Нам в этом смысле сильно повезло, что мы создали более достойную конструкцию. Да и вылизывали конкретно данный экземпляр мотора отнюдь не просто так. Чай танк являлся презентационным. А что касалось «звуков ада», которые танк начал издавать, то здесь вина лежала на бензине. Чем меньше было у него октановое число, тем более он склонен был к изрядной детонации в цилиндрах.
Мы же, в оправдание своё, не просто так вынужденно переделывали танковый двигатель на питание от не сильно замечательного автомобильного бензина. Высокооктанового авиационного топлива сейчас едва хватало авиации. Отчего нам приходилось рассчитывать лишь на то, что оставалось у нефтезаводчиков.

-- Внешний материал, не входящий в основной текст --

text \<open>\<open>F\<close> is not assumed to be continuous. The points \<open>hshift x w\<^sub>0\<close> and
  \<open>hshift x w\<close> are joined by a horizontal walk of length \<open>O(\<surd>|w - w\<^sub>0|)\<close>, along which \<open>F\<close>
  is Lipschitz.\<close>

lemma continuous_on_F_hshift:
  assumes d: "hom_dist d" and C1: "C1alpha_h d \<alpha> F" and \<alpha>: "0 \<le> \<alpha>"
  shows "continuous_on UNIV (\<lambda>w. F (hshift x w))"
proof -
  have "isCont (\<lambda>w. F (hshift x w)) w0" for w0
  proof -
    define y0 where "y0 = hshift x w0"
    define len where "len w = \<bar>w$1 - w0$1\<bar> + \<bar>w$2 - w0$2\<bar> + 2 * sqrt \<bar>w$1 - w0$1\<bar> * (1 + \<bar>w$2\<bar>)"
      for w :: "real^2"
    define R where "R = (6 + 2 * \<bar>w0$2\<bar>) * axis_len d"
    obtain C where C: "0 \<le> C"
      "\<And>z i. i \<in> {1, 2} \<Longrightarrow> d y0 z \<le> R \<Longrightarrow> norm (Xder F i z - Xder F i y0) \<le> C * d y0 z powr \<alpha>"
      using Xder_holder_at[OF d C1] by blast
    define K where "K = C * R powr \<alpha> + (norm (Xder F 1 y0) + norm (Xder F 2 y0))"
    have K: "0 \<le> K" using C(1) by (simp add: K_def)
    have near: "norm (F (hshift x w) - F y0) \<le> len w * K" if "dist w w0 < 1" for w
    proof -
      obtain L where L: "fst ` set L \<subseteq> {1, 2}" "hwalk y0 L = hshift x w" "walk_length L \<le> len w"
        using hshift_connecting_walk unfolding y0_def len_def by blast
      have "\<bar>w$1 - w0$1\<bar> \<le> 1" "\<bar>w$2 - w0$2\<bar> \<le> 1"
        using that component_le_norm_cart[of "w - w0" 1] component_le_norm_cart[of "w - w0" 2]
        by (auto simp: dist_norm)
      then have "sqrt \<bar>w$1 - w0$1\<bar> * (1 + \<bar>w$2\<bar>) \<le> 1 * (2 + \<bar>w0$2\<bar>)"
        by (intro mult_mono) auto
      with \<open>\<bar>w$1 - w0$1\<bar> \<le> 1\<close> \<open>\<bar>w$2 - w0$2\<bar> \<le> 1\<close> have "len w \<le> 6 + 2 * \<bar>w0$2\<bar>"
        by (simp add: len_def)
      then have short: "walk_length L * axis_len d \<le> R"
        unfolding R_def using L(3) axis_len_nonneg[OF d] by (intro mult_right_mono) auto
      have "norm (F (hwalk y0 L) - F y0) \<le> walk_length L * K"
        unfolding K_def by (rule hwalk_lipschitz_estimate[OF d C1 \<alpha> L(1) C short])
      also have "\<dots> \<le> len w * K"
        using L(3) K by (rule mult_right_mono)
      finally show ?thesis using L(2) by simp
    qed
    have "((\<lambda>w. len w * K) \<longlongrightarrow> len w0 * K) (at w0)"
      unfolding len_def by (intro tendsto_intros)
    then have "((\<lambda>w. len w * K) \<longlongrightarrow> 0) (at w0)"
      by (simp add: len_def)
    moreover have "\<forall>\<^sub>F w in at w0. norm (F (hshift x w) - F y0) \<le> len w * K"
      unfolding eventually_at using near by (intro exI[of _ 1]) auto
    ultimately have "((\<lambda>w. F (hshift x w) - F y0) \<longlongrightarrow> 0) (at w0)"
      by (rule Lim_null_comparison[rotated])
    then show ?thesis
      unfolding isCont_def y0_def by (rule LIM_zero_cancel)
  qed
  then show ?thesis by (simp add: continuous_on_eq_continuous_at)
qed

text \<open>The steps \<open>(r e\<^sub>1)(r c e\<^sub>2)(-r e\<^sub>1)(-r c e\<^sub>2)\<close> form a commutator whose only effect
  is the vertical displacement \<open>2 r\<^sup>2 c\<close>; with \<open>c = (q\<^sub>3 - q\<^sub>1 q\<^sub>2) / 2\<close> it completes the
  vertical coordinate of \<open>\<delta>\<^sub>r q\<close>.\<close>

definition dilated_walk :: "real \<Rightarrow> real^3 \<Rightarrow> (3 \<times> real) list" where
  "dilated_walk r q = (let c = (q$3 - q$1 * q$2) / 2 in
     [(1, r * q$1), (2, r * q$2), (1, r), (2, r * c), (1, -r), (2, -r * c)])"

lemma hmul_hdil_hshift: "hmul p (hdil r (hshift q v)) = hshift (hwalk p (dilated_walk r q)) (r *\<^sub>R v)"
  by (simp add: dilated_walk_def hshift_def vec_eq_iff forall_3 axis_def power2_eq_square field_simps)

lemma walk_length_dilated_walk:
  "walk_length (dilated_walk r q) = \<bar>r\<bar> * (\<bar>q$1\<bar> + \<bar>q$2\<bar> + 2 + \<bar>q$3 - q$1 * q$2\<bar>)"
proof -
  have "\<bar>r * ((q$3 - q$1 * q$2) / 2)\<bar> = \<bar>r\<bar> * \<bar>q$3 - q$1 * q$2\<bar> / 2"
    by (simp add: abs_mult)
  then show ?thesis by (simp add: dilated_walk_def Let_def abs_mult algebra_simps)
qed

lemma walk_increment_dilated_walk:
  "walk_increment F p (dilated_walk r q) = r *\<^sub>R (hgrad F p *v horiz q)"
  by (simp add: dilated_walk_def hgrad_mult algebra_simps)

lemma Fpr_hshift_linearization:
  assumes d: "hom_dist d" and C1: "C1alpha_h d \<alpha> F" and \<alpha>: "0 \<le> \<alpha>" and r: "0 < r"
    and C: "0 \<le> C"
      "\<And>z i. i \<in> {1, 2} \<Longrightarrow> d p z \<le> R \<Longrightarrow> norm (Xder F i z - Xder F i p) \<le> C * d p z powr \<alpha>"
    and W: "\<bar>q$1\<bar> + \<bar>q$2\<bar> + 2 + \<bar>q$3 - q$1 * q$2\<bar> + \<bar>v$1\<bar> + \<bar>v$2\<bar> \<le> W"
    and short: "r * W * axis_len d \<le> R"
  shows "norm (Fpr F p r (hshift q v) - hgrad F p *v (horiz q + v)) \<le> W * (C * R powr \<alpha>)"
proof -
  define xs where "xs = dilated_walk r q @ [(1, r * v$1), (2, r * v$2)]"
  have horizontal: "fst ` set xs \<subseteq> {1, 2}"
    by (auto simp: xs_def dilated_walk_def)
  have endpoint: "hwalk p xs = hmul p (hdil r (hshift q v))"
    by (simp only: hmul_hdil_hshift) (simp add: xs_def hwalk_append hshift_eq_hwalk)
  have increment: "walk_increment F p xs = r *\<^sub>R (hgrad F p *v (horiz q + v))"
    by (simp add: xs_def walk_increment_dilated_walk hgrad_mult algebra_simps)
  have "walk_length xs = r * (\<bar>q$1\<bar> + \<bar>q$2\<bar> + 2 + \<bar>q$3 - q$1 * q$2\<bar> + \<bar>v$1\<bar> + \<bar>v$2\<bar>)"
    using r by (simp add: xs_def walk_length_dilated_walk abs_mult distrib_left)
  with W r have length: "walk_length xs \<le> r * W"
    by simp
  then have "walk_length xs * axis_len d \<le> R"
    using short axis_len_nonneg[OF d] by (meson mult_right_mono order_trans)
  from hwalk_holder_estimate[OF d C1 \<alpha> horizontal C this]
  have "norm (F (hwalk p xs) - F p - walk_increment F p xs) \<le> r * W * (C * R powr \<alpha>)"
    using length C(1) by (simp add: mult_right_mono order_trans)
  moreover have "Fpr F p r (hshift q v) - hgrad F p *v (horiz q + v)
      = (1 / r) *\<^sub>R (F (hwalk p xs) - F p - walk_increment F p xs)"
    using r by (simp add: Fpr_def endpoint increment algebra_simps)
  ultimately have "r * norm (Fpr F p r (hshift q v) - hgrad F p *v (horiz q + v))
      \<le> r * (W * (C * R powr \<alpha>))"
    using r by (simp add: mult_ac)
  then show ?thesis
    using r by simp
qed

lemma continuous_on_Fpr_hshift:
  assumes "hom_dist d" "C1alpha_h d \<alpha> F" "0 \<le> \<alpha>" "0 < r"
  shows "continuous_on S (\<lambda>v. Fpr F p r (hshift q v))"
proof -
  have "Fpr F p r (hshift q v) = (1 / r) *\<^sub>R (F (hshift (hwalk p (dilated_walk r q)) (r *\<^sub>R v)) - F p)"
    for v using assms(4) by (simp add: Fpr_def hmul_hdil_hshift)
  moreover have "continuous_on S (\<lambda>v. F (hshift (hwalk p (dilated_walk r q)) (r *\<^sub>R v)))"
    by (rule continuous_on_compose2[OF continuous_on_F_hshift[OF assms(1-3)]])
      (auto intro: continuous_intros)
  ultimately show ?thesis
    by (simp only:) (intro continuous_intros)
qed

lemma Fpr_hshift_onto:
  assumes d: "hom_dist d" and C1: "C1alpha_h d \<alpha> F" and \<alpha>: "0 \<le> \<alpha>" and r: "0 < r"
    and M: "invertible (hgrad F p)" and \<beta>: "\<And>y. norm y \<le> \<beta> * norm (hgrad F p *v y)"
    and \<rho>: "0 \<le> \<rho>" and q: "d 0 q + 2 * \<rho> * axis_len d < \<epsilon>"
    and C: "0 \<le> C" "\<And>z i. i \<in> {1, 2} \<Longrightarrow> d p z \<le> r * W * axis_len d \<Longrightarrow>
                          norm (Xder F i z - Xder F i p) \<le> C * d p z powr \<alpha>"
    and W: "\<bar>q$1\<bar> + \<bar>q$2\<bar> + 2 + \<bar>q$3 - q$1 * q$2\<bar> + 2 * \<rho> \<le> W"
    and small: "\<beta> * (norm (k - hgrad F p *v horiz q) + W * (C * (r * W * axis_len d) powr \<alpha>)) \<le> \<rho>"
  shows "k \<in> Fpr F p r ` dball d 0 \<epsilon>"
proof -
  have "\<exists>v\<in>cball 0 \<rho>. Fpr F p r (hshift q v) = k"
  proof (rule brouwer_perturbed_linear[OF M \<beta> \<rho> continuous_on_Fpr_hshift[OF d C1 \<alpha> r] _ small])
    fix v :: "real^2" assume "v \<in> cball 0 \<rho>"
    then have "\<bar>v$1\<bar> \<le> \<rho>" "\<bar>v$2\<bar> \<le> \<rho>"
      using component_le_norm_cart[of v 1] component_le_norm_cart[of v 2] by auto
    with W have "\<bar>q$1\<bar> + \<bar>q$2\<bar> + 2 + \<bar>q$3 - q$1 * q$2\<bar> + \<bar>v$1\<bar> + \<bar>v$2\<bar> \<le> W"
      by linarith
    from Fpr_hshift_linearization[OF d C1 \<alpha> r C this order_refl]
    show "norm (Fpr F p r (hshift q v) - (hgrad F p *v horiz q + hgrad F p *v v))
        \<le> W * (C * (r * W * axis_len d) powr \<alpha>)"
      by (simp add: matrix_vector_right_distrib)
  qed
  then obtain v where v: "norm v \<le> \<rho>" "Fpr F p r (hshift q v) = k"
    by auto
  have "2 * norm v * axis_len d \<le> 2 * \<rho> * axis_len d"
    using v(1) axis_len_nonneg[OF d] by (intro mult_right_mono) auto
  then have "hshift q v \<in> dball d 0 \<epsilon>"
    using hom_dist_hshift_le[OF d, of q v] q by (simp add: dball_def)
  with v(2) show ?thesis by blast
qed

Естественно при этом никто не отменял тетраэтилсвинец, которым в моей прошлой жизни повышали октановое число бензинов во всём мире на протяжении аж целой сотни лет. Но, во-первых, сейчас он не особо требовался, без него справлялись как-то. Да и производить его нам было просто негде. А, во-вторых, являлся так-то этот хитрый элемент почти что ящиком Пандоры. Из-за него за целый век безудержного потребления этилированных бензинов настолько сильно оказались загажены свинцом все города планеты, что просто ой! Да и людей свинец травил безбожно поколениями, влияя негативно на центральную нервную систему и сильно повышая агрессивность. Как будто этой агрессивности нам даже без свинца недоставало, блин!
— Ого! Вот это рык! — повернувшись ко мне с командирского места, прокричал довольный Михаил Александрович, имея в виду стрёкот мотора. — Сразу понимаешь — мощь! Изрядная!
— Да не сказал бы, что изрядная, — пришлось мне покривиться вскользь. — Уж больно тяжела машина вышла. Отчего даже почти 400-сильный мотор может разгонять её всего до 25 вёрст в час. А на раскисшем грунте, считай вдвое медленней. Но главное, что полевая артиллерия точно проломить её броню не сможет! Тогда как мы начнём ту щёлкать, как орешки! — С этими словами я любовно погладил по казённику длинноствольной 57-мм пушки, которая давала мне и вообще всем нашим танкистам возможность не опасаться более столь сильно вражеских орудий.
— Что же, давай проверим, как она стреляет! — аж потёр ручки в предвкушении великий князь. — Евгений Александрович, извольте навести её куда-нибудь!
— Сперва доедем куда надо, а уж после наведём, — не поддался общему азарту мой обстоятельный папа́, активно изучающий устройство телескопического прицела пушки. — А ты, сынок, клади пока снаряд обратно! Война идёт! Успеешь ещё вдоволь настреляться!
Как очень скоро оказалось — он накаркал!
[1] Князь крови — те князья Романовы, которые утрачивали право именоваться великими князьями из-за слишком отдалённой родственной связи с императорами.